In the first step of the algorithm, per-gene glm model parameters are learned. This step can be done on a subset of genes and/or cells to speed things up. If method is set to 'poisson', a poisson regression is done and the negative binomial theta parameter is estimated using the response residuals in theta_estimation_fun. If method is set to 'qpoisson', coefficients and overdispersion (phi) are estimated by quasi poisson regression and theta is estimated based on phi and the mean fitted value - this is currently the fastest method with results very similar to 'glmGamPoi' If method is set to 'nb_fast', coefficients and theta are estimated as in the 'poisson' method, but coefficients are then re-estimated using a proper negative binomial model in a second call to glm with family = MASS::negative.binomial(theta = theta). If method is set to 'nb', coefficients and theta are estimated by a single call to MASS::glm.nb. If method is set to 'glmGamPoi', coefficients and theta are estimated by a single call to glmGamPoi::glm_gp.

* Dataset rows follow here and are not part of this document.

lemma cmod_ratio_le_Tp:
  assumes "1 \<le> p"
  shows "cmod (z\<^sub>1 - z\<^sub>2) / cmod (z\<^sub>1 - cnj z\<^sub>2) \<le> Tp p z\<^sub>1 z\<^sub>2"
proof -
  define \<alpha> where "\<alpha> = height_ratio z\<^sub>1 z\<^sub>2"
  have "\<alpha> powr p + (1 - \<alpha>) powr p \<le> \<alpha> powr 1 + (1 - \<alpha>) powr 1"
    using assms height_ratio_bounds unfolding \<alpha>_def by (intro add_mono powr_mono') auto
  then have "(\<alpha> powr p + (1 - \<alpha>) powr p) powr (1 / p) \<le> 1"
    using assms height_ratio_bounds unfolding \<alpha>_def by (intro powr_le1) auto
  moreover have "0 < \<alpha> powr p + (1 - \<alpha>) powr p"
    using height_ratio_bounds unfolding \<alpha>_def by (intro add_pos_pos) auto
  then have "0 < (\<alpha> powr p + (1 - \<alpha>) powr p) powr (1 / p)"
    by simp
  ultimately show ?thesis
    unfolding Tp_eq_height_ratio \<alpha>_def[symmetric]
    using cmod_diff_cnj_pos by (intro frac_le) (auto simp: mult_left_le)
qed

lemma real_axis_crossing_minimizes_dist_sum:
  "dist_powr_sum 1 z\<^sub>1 z\<^sub>2 (real_axis_crossing z\<^sub>1 z\<^sub>2) \<le> dist_powr_sum 1 z\<^sub>1 z\<^sub>2 t"
proof -
  have "0 < cmod (z\<^sub>1 - of_real s)" "0 < cmod (of_real s - z\<^sub>2)" for s
    using Im_pos Im_le_cmod_diff_of_real[of z\<^sub>1 s] Im_le_cmod_diff_of_real[of z\<^sub>2 s]
    by (auto simp: norm_minus_commute)
  then show ?thesis
    using cmod_diff_cnj_le_dist_sum[of z\<^sub>1 z\<^sub>2 t] height_ratio_bounds cmod_diff_cnj_pos
    by (simp add: dist_powr_sum_def cmod_diff_real_axis_crossing_left
        cmod_diff_real_axis_crossing_right algebra_simps)
qed

lemma real_axis_crossing_minimizes_if_Re_eq:
  assumes "Re z\<^sub>1 = Re z\<^sub>2" "0 \<le> p"
  shows "dist_powr_sum p z\<^sub>1 z\<^sub>2 (real_axis_crossing z\<^sub>1 z\<^sub>2) \<le> dist_powr_sum p z\<^sub>1 z\<^sub>2 t"
proof -
  have crossing: "real_axis_crossing z\<^sub>1 z\<^sub>2 = Re z\<^sub>1"
    using assms(1) Im_pos by (simp add: real_axis_crossing_def field_simps)
  have "cmod (z\<^sub>1 - of_real (Re z\<^sub>1)) = Im z\<^sub>1" "cmod (of_real (Re z\<^sub>2) - z\<^sub>2) = Im z\<^sub>2"
    using Im_pos by (simp_all add: cmod_def)
  then show ?thesis
    unfolding dist_powr_sum_def crossing
    using assms Im_pos Im_le_cmod_diff_of_real[of z\<^sub>1 t] Im_le_cmod_diff_of_real[of z\<^sub>2 t]
    by (intro add_mono powr_mono2) (auto simp: norm_minus_commute)
qed

lemma real_axis_crossing_minimizes_if_Im_eq:
  assumes "Im z\<^sub>1 = Im z\<^sub>2" "1 \<le> p"
  shows "dist_powr_sum p z\<^sub>1 z\<^sub>2 (real_axis_crossing z\<^sub>1 z\<^sub>2) \<le> dist_powr_sum p z\<^sub>1 z\<^sub>2 t"
proof -
  define D a b where "D = cmod (z\<^sub>1 - cnj z\<^sub>2)"
    and "a = cmod (z\<^sub>1 - of_real t)" and "b = cmod (of_real t - z\<^sub>2)"
  have half: "height_ratio z\<^sub>1 z\<^sub>2 = 1 / 2"
    using assms(1) Im_pos by (simp add: height_ratio_def)
  have "dist_powr_sum p z\<^sub>1 z\<^sub>2 (real_axis_crossing z\<^sub>1 z\<^sub>2) = 2 * (D / 2) powr p"
    unfolding dist_powr_sum_def cmod_diff_real_axis_crossing_left
      cmod_diff_real_axis_crossing_right half D_def by simp
  also have "\<dots> \<le> 2 * ((a + b) / 2) powr p"
    using cmod_diff_cnj_le_dist_sum[of z\<^sub>1 z\<^sub>2 t] cmod_diff_cnj_pos assms
    by (intro mult_left_mono powr_mono2) (auto simp: D_def a_def b_def)
  also have "\<dots> \<le> a powr p + b powr p"
  proof -
    have "0 < a" "0 < b"
      using Im_pos Im_le_cmod_diff_of_real[of z\<^sub>1 t] Im_le_cmod_diff_of_real[of z\<^sub>2 t]
      by (auto simp: a_def b_def norm_minus_commute)
    then have "((1 - 1 / 2) *\<^sub>R a + (1 / 2) *\<^sub>R b) powr p \<le> (1 - 1 / 2) * a powr p + (1 / 2) * b powr p"
      using assms by (intro convex_onD[OF powr_convex]) auto
    then show ?thesis
      by (simp add: field_simps)
  qed
  finally show ?thesis
    by (simp add: dist_powr_sum_def a_def b_def)
qed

A special case is method = 'offset'. Here no regression parameters are learned, but instead an offset model is assumed. The latent variable is set to log_umi and a fixed slope of log(10) is used (offset). The intercept is given by log(gene_mean) - log(avg_cell_umi). See Lause et al. \Sexpr[results=rd]{tools:::Rd_expr_doi("10.1186/s13059-021-02451-7")} for details. Theta is set to 100 by default, but can be changed using the theta_given parameter (single numeric value). If the offset method is used, the following parameters are overwritten: cell_attr <- NULL, latent_var <- c('log_umi'), batch_var <- NULL, latent_var_nonreg <- NULL, n_genes <- NULL, n_cells <- NULL, do_regularize <- FALSE. Further, method = 'offset_shared_theta_estimate' exists where the 250 most highly expressed genes with detection rate of at least 0.5 are used to estimate a theta that is then shared across all genes. Thetas are estimated per individual gene using 5000 randomly selected cells. The final theta used for all genes is then the average.